What's under the hood of LLMs?

The LLM stack has 4 layers:

Data layer
1. RAG (retrieval-augmented generation) allows LLMs to make predictions based on a corpus of input data, increasing contextual awareness and eliminating hallucination
  1. ELT & featurization
    1. Feature data to increase search and retrieval effectiveness. A prevalent way to do so is by breaking the data into chunks and transform them into vectors to do semantic search.
    2. Companies working in this area include: Superlinked, Unstructured, Waveline
  2. Storage
    1. Vector databases that stores these vectors for semantic search
    2. Companies working in this area include: Pinecone, Zilliz, Weaviate, Chroma, Featureform, LanceDB, pgvector
  3. Search & Retrieval
    1. During inference, information must be retrieved and fed into the model at high speed. Some retrieval methods include:
      - Simplistic – vector similarity search on naive text embeddings
      - Complex – hand-crafted rules-based systems (e.g. Github Copilot, well described in this blog post)

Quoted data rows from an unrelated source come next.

lemma exact_penalty_INF:
  fixes \<Phi> G q :: "'a \<Rightarrow> real"
  assumes "\<And>x. x \<in> F \<Longrightarrow> \<Phi> x = G x"
    and "\<And>x. \<exists>x' \<in> F. G x' + q x \<le> \<Phi> x"
    and "\<And>x. 0 \<le> q x"
  shows "(INF x. ereal (\<Phi> x)) = (INF x \<in> F. ereal (G x))"
proof (rule antisym)
  show "(INF x. ereal (\<Phi> x)) \<le> (INF x \<in> F. ereal (G x))"
    using assms(1) by (intro INF_greatest) (metis INF_lower UNIV_I)
  show "(INF x \<in> F. ereal (G x)) \<le> (INF x. ereal (\<Phi> x))"
  proof (rule INF_greatest)
    fix x
    obtain x' where "x' \<in> F" "G x' + q x \<le> \<Phi> x"
      using assms(2) by blast
    then have "(INF x \<in> F. ereal (G x)) \<le> ereal (G x')" "G x' \<le> \<Phi> x"
      using assms(3)[of x] by (auto intro: INF_lower)
    then show "(INF x \<in> F. ereal (G x)) \<le> ereal (\<Phi> x)"
      by (metis ereal_less_eq(3) order_trans)
  qed
qed

theorem lemma5:
  fixes n :: nat and f :: "nat set \<Rightarrow> int" and d :: "nat \<Rightarrow> int" and C R :: real
  assumes f_nonneg: "\<forall>S. S \<subseteq> {1..n} \<longrightarrow> f S \<ge> 0"
    and f_submod: "submodular_on {1..n} f"
    and d_nonzero: "\<exists>i\<in>{1..n}. d i \<noteq> 0"
    and hC: "C > real_of_int (Max (f ` Pow {1..n})) * (\<Sum>i=1..n. real_of_int \<bar>d i\<bar>)"
    and hR: "R > C + real_of_int (Max (f ` Pow {1..n}))"
  shows "(\<forall>xs :: nat \<Rightarrow> real.
            (\<forall>y :: nat \<Rightarrow> real. lovasz_ext (Suc n) (fhat n f C) xs + hR n d R xs
                               \<le> lovasz_ext (Suc n) (fhat n f C) y + hR n d R y)
            \<longrightarrow> (\<Sum>i=1..n. real_of_int (d i) * xs i) = 1 \<and> xs (Suc n) = 0)
       \<and> (INF x :: nat \<Rightarrow> real. ereal (lovasz_ext (Suc n) (fhat n f C) x + hR n d R x))
         = (INF x \<in> {x :: nat \<Rightarrow> real. (\<Sum>i=1..n. real_of_int (d i) * x i) = 1 \<and> x (Suc n) = 0}.
              ereal (lovasz_ext (Suc n) (fhat n f C) x))"
proof -
  define M where "M = real_of_int (Max (f ` Pow {1..n}))"
  define G where "G = lovasz_ext (Suc n) (fhat n f C)"
  define s where "s x = (\<Sum>i=1..n. real_of_int (d i) * x i)" for x :: "nat \<Rightarrow> real"
  define F where "F = {x. s x = 1 \<and> x (Suc n) = 0}"
  define q where "q x = (R - C) * \<bar>x (Suc n)\<bar> + (R - C - M) * \<bar>1 - s x\<bar>" for x
  have f_range: "0 \<le> f S \<and> f S \<le> M" if "S \<subseteq> {1..n}" for S
    using f_nonneg that Max_ge[of "f ` Pow {1..n}" "f S"] by (auto simp: M_def)
  have "0 \<le> M"
    using f_range[of "{}"] by simp
  then have "0 \<le> M * (\<Sum>i=1..n. real_of_int \<bar>d i\<bar>)"
    by (intro mult_nonneg_nonneg sum_nonneg) auto
  then have "0 \<le> C"
    using hC by (simp add: M_def)
  obtain i where i: "i \<in> {1..n}" "d i \<noteq> 0"
    using d_nonzero by blast
  have feasible: "G x + hR n d R x = G x" if "x \<in> F" for x
    using that by (simp add: hR_def F_def s_def)
  have reduce: "\<exists>x' \<in> F. G x' + q x \<le> G x + hR n d R x" for x
  proof -
    obtain x' where "s x' = 1" "x' (Suc n) = 0"
      "G x' \<le> G x + C * \<bar>x (Suc n)\<bar> + (C + M) * \<bar>1 - s x\<bar>"
      using lovasz_ext_fhat_feasible_le[of n f M C i d, OF f_range \<open>0 \<le> C\<close> i]
      unfolding G_def s_def by blast
    then show ?thesis
      by (intro bexI[of _ x']) (auto simp: F_def q_def hR_def s_def algebra_simps)
  qed
  have q_nonneg: "0 \<le> q x" for x
    using hR \<open>0 \<le> M\<close> by (simp add: q_def M_def)
  have "x \<in> F" if "q x = 0" for x
    using that hR q_nonneg[of x] \<open>0 \<le> M\<close> by (simp add: q_def F_def M_def add_nonneg_eq_0_iff)
  with q_nonneg have "(\<forall>x. (\<forall>y. G x + hR n d R x \<le> G y + hR n d R y) \<longrightarrow> x \<in> F)"
    using exact_penalty_minimizer[OF feasible reduce] by blast
  with exact_penalty_INF[OF feasible reduce q_nonneg] show ?thesis
    unfolding G_def F_def s_def by simp
qed

end
lemma abs_exp_sub_one_sub_le:
  fixes y :: real
  shows "\<bar>exp y - 1 - y\<bar> \<le> y\<^sup>2 * exp \<bar>y\<bar>"
proof -
  obtain s where s: "\<bar>s\<bar> \<le> \<bar>y\<bar>" "exp y = (\<Sum>m<2. y ^ m / fact m) + exp s / fact 2 * y ^ 2"
    using Maclaurin_exp_le[of y 2] by blast
  then have "\<bar>exp y - 1 - y\<bar> = exp s / 2 * y\<^sup>2"
    by (simp add: numeral_2_eq_2)
  also have "\<dots> \<le> exp \<bar>y\<bar> * y\<^sup>2"
  proof (rule mult_right_mono)
    have "exp s \<le> exp \<bar>y\<bar>" using s(1) by simp
    then show "exp s / 2 \<le> exp \<bar>y\<bar>" using exp_gt_zero[of s] by linarith
  qed simp
  finally show ?thesis by (simp add: mult.commute)
qed

lemma abs_pow_exp_remainder_le:
  fixes h x c :: real
  assumes "\<bar>h\<bar> \<le> c"
  shows "\<bar>x ^ k * exp (t * x) * (exp (h * x) - 1 - h * x)\<bar>
    \<le> h\<^sup>2 * (\<bar>x\<bar> ^ (k + 2) * exp (t * x) * exp (c * \<bar>x\<bar>))"
proof -
  have "\<bar>exp (h * x) - 1 - h * x\<bar> \<le> (h * x)\<^sup>2 * exp \<bar>h * x\<bar>"
    by (rule abs_exp_sub_one_sub_le)
  also have "\<dots> \<le> (h * x)\<^sup>2 * exp (c * \<bar>x\<bar>)"
    using mult_right_mono[OF assms, of "\<bar>x\<bar>"] by (intro mult_left_mono) (auto simp: abs_mult)
  finally have "\<bar>x ^ k * exp (t * x) * (exp (h * x) - 1 - h * x)\<bar>
      \<le> \<bar>x\<bar> ^ k * exp (t * x) * ((h * x)\<^sup>2 * exp (c * \<bar>x\<bar>))"
    by (auto simp: abs_mult power_abs intro: mult_left_mono)
  also have "\<dots> = h\<^sup>2 * (\<bar>x\<bar> ^ (k + 2) * exp (t * x) * exp (c * \<bar>x\<bar>))"
    by (simp add: power_add power_mult_distrib power2_eq_square mult_ac)
  finally show ?thesis .
qed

    2. Companies working in this area includes: Nomic, Aryn, Metal, Vald, MyScale
2. Companies working on end-to-end data layer include: LlamaIndex, Activeloop, Inkeep, Baseplate, Vespa
Model layer
1. There are 2 future emerging paths:
  1. Large foundation model dominates
  2. Fine-tuned models for each specific use case
2. There are 4 components in the model layer:
  1. Core model
    1. train the model from scratch ($100M spend on GPT-4) or fine-tune a pre-trained model
    2. Companies working in this area include: Google, OpenAI, Anthropic, Adept, Imbue, Cohere, Hugging Face, Stability AI, Mistral, Contextual, DeepInfra
  2. Serving & Computing
    1. Pricing
      1. GPT 3.5 costs $0.01-0.03 per query vs. GPT 4 $3
      2. Self-hosting is even more costly - Nvidia A100 cost $4-40 per hour to run on GLP
    2. Latency
      1. batch queries, cache results, optimize memory to reduce fragmentation, speculative decoding
    3. Companies working in this area include: Modular, Lambda Labs, Union, Exafunction, Modal, HippoML, Banana, SkyPilot, Texel, Paperspace, Foundry, Goose
  3. Model routing/ abstraction
    1. an abstraction layer that decides which model to fulfill the user request
    2. Companies working in this area include: Martian, Lite LLM, NotDiamond
  4. Fine-tuning & Optimization
    1. It is an evolving process with 2 components:
      1. Data ops / curation: create good data quality through data modification or augmentation (with synthetic data)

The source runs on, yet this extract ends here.